Treasury coordinated efforts to block assets and to assist other law
enforcement agencies to take actions against Al-Barakaat. On November
7, 2001, federal agents executed search warrants in three cities
across the country (Boston, Columbus, and Alexandria) and shut down
eight Al-Barakaat offices across the U.S., including locations in the
following cities:
-- Boston, Massachusetts;
-- Columbus, Ohio;
-- Alexandria, Virginia;
-- Seattle, Washington; and
-- Minneapolis, Minnesota.
As part of that action, OFAC was able to freeze $1,900,000
domestically in Al-Barakaat-related funds on November 7, 2001.
Treasury also worked closely with key officials in the Middle East to
facilitate blocking of Al-Barakaat's assets at its financial center of
operations. Disruptions to Al-Barakaat's worldwide cash flows could be
as high as $300 to $400 million per year, according to our analysts.
Of that, our experts and experts in other agencies estimate that $15
to $20 million per year would have gone to terrorist organizations.
The Al-Barakaat investigation exemplifies the importance of the flow
of funds disruption measure that we are attempting to use more
broadly. In addition, the combined work of FTAT and law enforcement
led to additional leads in the Al-Barakaat investigation.
This is an example of what our combined efforts can do when we join
our resources and our expertise to fight the scourge of terrorist
financing.
Although we have made much progress, we still have much work to do.
First, we must encourage more independent identification of terrorist
groups by other countries. The EU designation at the end of December
is a step in the right direction, but we need more countries to
initiate more designations.
Second, we have to ensure that more countries issue blocking orders
for more of the entities identified, by the United States, other
countries, and the international community, as being part of terrorist
financial networks. We must also do a better job of following up with
the countries to make sure that their orders, once issued, are fully
implemented and obeyed.
Third, we must do a better job of exploiting the "industrial quantity"

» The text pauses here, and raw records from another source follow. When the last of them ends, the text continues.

(* Let $\rho_{AB}$ be positive semidefinite on $\mathcal{H}_A\otimes\mathcal{H}_B$ with $0<\operatorname{tr}\rho_{AB}\le1$. Then $$\hat H_{\min}(A|B)_\rho\le H_{\min}(A|B)_\rho-\log\frac{1}{\operatorname{tr}\rho_{AB}}.$$
   Context: Hilbert spaces are finite-dimensional; $\log$ is binary. $D_{\max}(\rho\|\tau)=\inf\{\lambda\in\mathbb{R}:\rho\le2^\lambda\tau\}$. $H_{\min}(A|B)_\rho=\max_{\sigma_B}-D_{\max}(\rho_{AB}\|\mathbb{1}_A\otimes\sigma_B)$, max over normalized density operators $\sigma_B$; $\hat H_{\min}(A|B)_\rho=-D_{\max}(\rho_{AB}\|\mathbb{1}_A\otimes\rho_B)$ with $\rho_B=\operatorname{tr}_A\rho_{AB}$. *)

theory Defs
  imports Complex_Main "HOL-Library.Extended_Real"
begin

text \<open>Operators on a finite-dimensional Hilbert space with orthonormal basis indexed by a
finite type 'i are represented as matrices  'i => 'i => complex.
H_A (x) H_B has basis indexed by 'a \<times> 'b.\<close>

type_synonym 'i op = "'i \<Rightarrow> 'i \<Rightarrow> complex"

definition hermitian :: "'i::finite op \<Rightarrow> bool" where
  "hermitian M \<longleftrightarrow> (\<forall>i j. M j i = cnj (M i j))"

definition qform :: "'i::finite op \<Rightarrow> ('i \<Rightarrow> complex) \<Rightarrow> complex" where
  "qform M v = (\<Sum>i\<in>UNIV. \<Sum>j\<in>UNIV. cnj (v i) * M i j * v j)"

definition psd :: "'i::finite op \<Rightarrow> bool" where
  "psd M \<longleftrightarrow> hermitian M \<and> (\<forall>v. Im (qform M v) = 0 \<and> 0 \<le> Re (qform M v))"

definition loewner_le :: "'i::finite op \<Rightarrow> 'i op \<Rightarrow> bool" where
  "loewner_le M N \<longleftrightarrow> psd (\<lambda>i j. N i j - M i j)"

definition tr :: "'i::finite op \<Rightarrow> complex" where
  "tr M = (\<Sum>i\<in>UNIV. M i i)"

definition density :: "'i::finite op \<Rightarrow> bool" where
  "density \<sigma> \<longleftrightarrow> psd \<sigma> \<and> tr \<sigma> = 1"

definition ptrA :: "('a::finite \<times> 'b::finite) op \<Rightarrow> 'b op" where
  "ptrA \<rho> = (\<lambda>b b'. \<Sum>a\<in>UNIV. \<rho> (a, b) (a, b'))"

definition id_tensor :: "'b::finite op \<Rightarrow> ('a::finite \<times> 'b) op" where
  "id_tensor \<sigma> = (\<lambda>(a, b) (a', b'). if a = a' then \<sigma> b b' else 0)"

definition Dmax :: "'i::finite op \<Rightarrow> 'i op \<Rightarrow> ereal" where
  "Dmax \<rho> \<tau> = Inf {ereal l | l. loewner_le \<rho> (\<lambda>i j. complex_of_real (2 powr l) * \<tau> i j)}"

definition Hmin :: "('a::finite \<times> 'b::finite) op \<Rightarrow> ereal" where
  "Hmin \<rho> = Sup {- Dmax \<rho> (id_tensor \<sigma> :: ('a \<times> 'b) op) | \<sigma>. density \<sigma>}"

definition Hmin_hat :: "('a::finite \<times> 'b::finite) op \<Rightarrow> ereal" where
  "Hmin_hat \<rho> = - Dmax \<rho> (id_tensor (ptrA \<rho>) :: ('a \<times> 'b) op)"

end

theory Submission
  imports Defs
begin

text \<open>The normalised marginal \<open>\<sigma>\<^sub>B = \<rho>\<^sub>B / tr \<rho>\<close> is a density operator, so it competes in the
  maximisation defining \<open>H\<^sub>m\<^sub>i\<^sub>n\<close>. Rescaling the reference operator by a positive \<open>c\<close> shifts
  \<open>D\<^sub>m\<^sub>a\<^sub>x\<close> by exactly \<open>-log c\<close>, hence
  \<open>H\<^sub>m\<^sub>i\<^sub>n(A|B) \<ge> -D\<^sub>m\<^sub>a\<^sub>x(\<rho>\<^sub>A\<^sub>B \<parallel> 1\<^sub>A \<otimes> \<sigma>\<^sub>B) = \<hat>H\<^sub>m\<^sub>i\<^sub>n(A|B) + log (1 / tr \<rho>)\<close>.\<close>

lemma sum_UNIV_prod:
  "(\<Sum>x\<in>(UNIV::('a::finite \<times> 'b::finite) set). f x) = (\<Sum>a\<in>UNIV. \<Sum>b\<in>UNIV. f (a, b))"
  by (simp add: sum.cartesian_product UNIV_Times_UNIV[symmetric] del: UNIV_Times_UNIV)

definition embed_at :: "'a \<Rightarrow> ('b \<Rightarrow> complex) \<Rightarrow> ('a::finite \<times> 'b::finite) \<Rightarrow> complex" where
  "embed_at a v = (\<lambda>(a', b). if a' = a then v b else 0)"

lemma embed_at_apply [simp]: "embed_at a v (a', b) = (if a' = a then v b else 0)"
  by (simp add: embed_at_def)

lemma qform_embed_at:
  "qform \<rho> (embed_at a v) = (\<Sum>b\<in>UNIV. \<Sum>b'\<in>UNIV. cnj (v b) * \<rho> (a, b) (a, b') * v b')"
proof -
  have row: "(\<Sum>a2\<in>UNIV. \<Sum>b2\<in>UNIV. cnj (embed_at a v (a1, b1)) * \<rho> (a1, b1) (a2, b2) * embed_at a v (a2, b2))
      = (if a1 = a then \<Sum>b2\<in>UNIV. cnj (v b1) * \<rho> (a, b1) (a, b2) * v b2 else 0)" for a1 b1
    by (cases "a1 = a") (simp_all add: if_distrib[where f="\<lambda>x. _ * x"] cong: if_cong, subst sum.swap, simp)
  show ?thesis
    unfolding qform_def sum_UNIV_prod row by (subst sum.swap) simp
qed

lemma qform_ptrA: "qform (ptrA \<rho>) v = (\<Sum>a\<in>UNIV. qform \<rho> (embed_at a v))"
proof -
  have "qform (ptrA \<rho>) v = (\<Sum>b\<in>UNIV. \<Sum>b'\<in>UNIV. \<Sum>a\<in>UNIV. cnj (v b) * \<rho> (a, b) (a, b') * v b')"
    unfolding qform_def ptrA_def by (simp add: sum_distrib_left sum_distrib_right)
  also have "\<dots> = (\<Sum>b\<in>UNIV. \<Sum>a\<in>UNIV. \<Sum>b'\<in>UNIV. cnj (v b) * \<rho> (a, b) (a, b') * v b')"
    by (intro sum.cong refl sum.swap)
  also have "\<dots> = (\<Sum>a\<in>UNIV. \<Sum>b\<in>UNIV. \<Sum>b'\<in>UNIV. cnj (v b) * \<rho> (a, b) (a, b') * v b')"
    by (rule sum.swap)
  finally show ?thesis
    unfolding qform_embed_at .
qed

lemma hermitian_ptrA:
  assumes "hermitian \<rho>"
  shows "hermitian (ptrA \<rho>)"
  unfolding hermitian_def ptrA_def
proof (intro allI)
  fix b b'
  show "(\<Sum>a\<in>UNIV. \<rho> (a, b') (a, b)) = cnj (\<Sum>a\<in>UNIV. \<rho> (a, b) (a, b'))"
    using assms unfolding hermitian_def cnj_sum by (intro sum.cong) blast+
qed

lemma psd_ptrA:
  assumes "psd \<rho>"
  shows "psd (ptrA \<rho>)"
proof -
  have slice: "Im (qform \<rho> w) = 0" "0 \<le> Re (qform \<rho> w)" for w
    using assms unfolding psd_def by auto
  have "Im (qform (ptrA \<rho>) v) = 0" for v
    unfolding qform_ptrA Im_sum using slice by simp
  moreover have "0 \<le> Re (qform (ptrA \<rho>) v)" for v
    unfolding qform_ptrA Re_sum using slice by (simp add: sum_nonneg)
  ultimately show ?thesis
    using assms hermitian_ptrA unfolding psd_def by blast
qed

lemma tr_ptrA: "tr (ptrA \<rho>) = tr \<rho>"
  unfolding tr_def ptrA_def sum_UNIV_prod by (rule sum.swap)

lemma psd_scale:
  assumes "psd M" and "0 \<le> c"
  shows "psd (\<lambda>i j. complex_of_real c * M i j)"
proof -
  have "qform (\<lambda>i j. complex_of_real c * M i j) v = complex_of_real c * qform M v" for v
    unfolding qform_def sum_distrib_left by (intro sum.cong refl) (simp add: mult.left_commute)
  moreover have "hermitian (\<lambda>i j. complex_of_real c * M i j)"
    using assms(1) unfolding psd_def hermitian_def by (metis complex_cnj_mult complex_cnj_complex_of_real)
  moreover have "Im (qform M v) = 0" "0 \<le> Re (qform M v)" for v
    using assms(1) unfolding psd_def by auto
  ultimately show ?thesis
    using assms(2) unfolding psd_def by simp
qed

lemma tr_scale: "tr (\<lambda>i j. c * M i j) = c * tr M"
  unfolding tr_def by (simp add: sum_distrib_left)

lemma hermitian_tr_real:
  assumes "hermitian M"
  shows "tr M = complex_of_real (Re (tr M))"
proof -
  have "Im (M i i) = 0" for i
    using assms[unfolded hermitian_def, rule_format, of i i] by (metis cnj.sel(2) neg_equal_zero)
  then show ?thesis
    unfolding tr_def by (simp add: complex_eq_iff Im_sum)
qed

lemma density_normalized_ptrA:
  assumes "psd \<rho>" and "0 < Re (tr \<rho>)"
  shows "density (\<lambda>b b'. complex_of_real (1 / Re (tr \<rho>)) * ptrA \<rho> b b')"
proof -
  have "tr (ptrA \<rho>) = complex_of_real (Re (tr \<rho>))"
    using assms(1) hermitian_tr_real unfolding tr_ptrA psd_def by blast
  then have "complex_of_real (1 / Re (tr \<rho>)) * tr (ptrA \<rho>) = 1"
    using assms(2) by (simp flip: of_real_mult)
  then show ?thesis
    using assms unfolding density_def tr_scale by (simp add: psd_scale psd_ptrA del: of_real_divide)
qed

lemma id_tensor_scale:
  "id_tensor (\<lambda>b b'. c * \<sigma> b b') = (\<lambda>i j. c * (id_tensor \<sigma> :: ('a::finite \<times> 'b::finite) op) i j)"
  by (auto simp: id_tensor_def fun_eq_iff)

lemma Dmax_scale_le:
  fixes \<tau> :: "'i::finite op"
  assumes "0 < c"
  shows "Dmax \<rho> (\<lambda>i j. complex_of_real c * \<tau> i j) \<le> Dmax \<rho> \<tau> - ereal (log 2 c)"
proof -
  have "Dmax \<rho> (\<lambda>i j. complex_of_real c * \<tau> i j) + ereal (log 2 c) \<le> ereal l"
    if "loewner_le \<rho> (\<lambda>i j. complex_of_real (2 powr l) * \<tau> i j)" for l
  proof -
    have "2 powr (l - log 2 c) * c = 2 powr l"
      using assms by (simp add: powr_diff)
    then have "loewner_le \<rho> (\<lambda>i j. complex_of_real (2 powr (l - log 2 c)) * (complex_of_real c * \<tau> i j))"
      using that by (simp add: mult.assoc[symmetric] flip: of_real_mult)
    then have "Dmax \<rho> (\<lambda>i j. complex_of_real c * \<tau> i j) \<le> ereal (l - log 2 c)"
      unfolding Dmax_def by (intro Inf_lower) blast
    then show ?thesis
      using ereal_le_minus[of "ereal (log 2 c)" _ "ereal l"] by simp
  qed
  then have "Dmax \<rho> (\<lambda>i j. complex_of_real c * \<tau> i j) + ereal (log 2 c) \<le> Dmax \<rho> \<tau>"
    unfolding Dmax_def[of \<rho> \<tau>] by (intro Inf_greatest) blast
  then show ?thesis
    by (simp add: ereal_le_minus)
qed

lemma Dmax_scale:
  fixes \<tau> :: "'i::finite op"
  assumes "0 < c"
  shows "Dmax \<rho> (\<lambda>i j. complex_of_real c * \<tau> i j) = Dmax \<rho> \<tau> - ereal (log 2 c)"
proof (rule antisym)
  have "(\<lambda>i j. complex_of_real (1 / c) * (complex_of_real c * \<tau> i j)) = \<tau>"
    using assms by simp
  then have "Dmax \<rho> \<tau> \<le> Dmax \<rho> (\<lambda>i j. complex_of_real c * \<tau> i j) - ereal (log 2 (1 / c))"
    using Dmax_scale_le[of "1 / c" \<rho> "\<lambda>i j. complex_of_real c * \<tau> i j"] assms by simp
  also have "\<dots> = Dmax \<rho> (\<lambda>i j. complex_of_real c * \<tau> i j) + ereal (log 2 c)"
    using assms by (simp add: log_divide minus_ereal_def)
  finally show "Dmax \<rho> \<tau> - ereal (log 2 c) \<le> Dmax \<rho> (\<lambda>i j. complex_of_real c * \<tau> i j)"
    by (simp add: ereal_minus_le)
qed (rule Dmax_scale_le[OF assms])

theorem lemma14:
  fixes \<rho> :: "('a::finite \<times> 'b::finite) op"
  assumes "psd \<rho>"
    and "0 < Re (tr \<rho>)" and "Re (tr \<rho>) \<le> 1"
  shows "Hmin_hat \<rho> \<le> Hmin \<rho> - ereal (log 2 (1 / Re (tr \<rho>)))"
proof -
  define c where "c = 1 / Re (tr \<rho>)"
  define \<sigma> where "\<sigma> = (\<lambda>b b'. complex_of_real c * ptrA \<rho> b b')"
  have "c > 0"
    using assms(2) by (simp add: c_def)
  have "density \<sigma>"
    unfolding \<sigma>_def c_def using assms(1,2) by (rule density_normalized_ptrA)
  then have "- Dmax \<rho> (id_tensor \<sigma> :: ('a \<times> 'b) op) \<le> Hmin \<rho>"
    unfolding Hmin_def by (intro Sup_upper) blast
  moreover have "- Dmax \<rho> (id_tensor \<sigma> :: ('a \<times> 'b) op) = Hmin_hat \<rho> + ereal (log 2 c)"
    unfolding \<sigma>_def id_tensor_scale Dmax_scale[OF \<open>c > 0\<close>] Hmin_hat_def
    by (cases "Dmax \<rho> (id_tensor (ptrA \<rho>) :: ('a \<times> 'b) op)") simp_all
  ultimately have "Hmin_hat \<rho> + ereal (log 2 c) \<le> Hmin \<rho>"
    by simp
  then show ?thesis
    unfolding c_def by (simp add: ereal_le_minus)
qed

end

of documents captured in Afghanistan and increasingly elsewhere. Hard
drives and e-mails must be exploited as well. This is a massive task.
To do it, we must bring documents together from all over the world,
translate them, cross-reference them, and thereby build a complete
picture. No one document can tell us that much.
Fourth, we must redouble efforts by U.S. and allied intelligence
services against such financial intermediaries as hawala dealers and
other informal systems.
To conclude this portion of my testimony, I believe that we have had
several important successes on the financial front of the war on
terrorism. We have marshaled the considerable expertise of our
Treasury law enforcement personnel to execute the President's mission
to detect, disrupt, and dismantle the financial infrastructure of
terrorist financing. We have worked closely with other agencies of the
federal government and, I believe, obtained an unprecedented level of
cooperation and coordination. We have worked extensively with foreign
governments to ensure that terrorist money has nowhere to hide.
Some have said that the financial war on terrorism is an impossible
task. After all, money is fungible and illegal money tends to flow to
the most hospitable country. I disagree. That the task is difficult
does not mean that it is impossible. This is an unconventional war
where there are no boundaries, where civilians are the targets, where
people (or so-called "martyrs") are the weapons, and where electronic
money transfers and messaging are the fuel and the logistics train.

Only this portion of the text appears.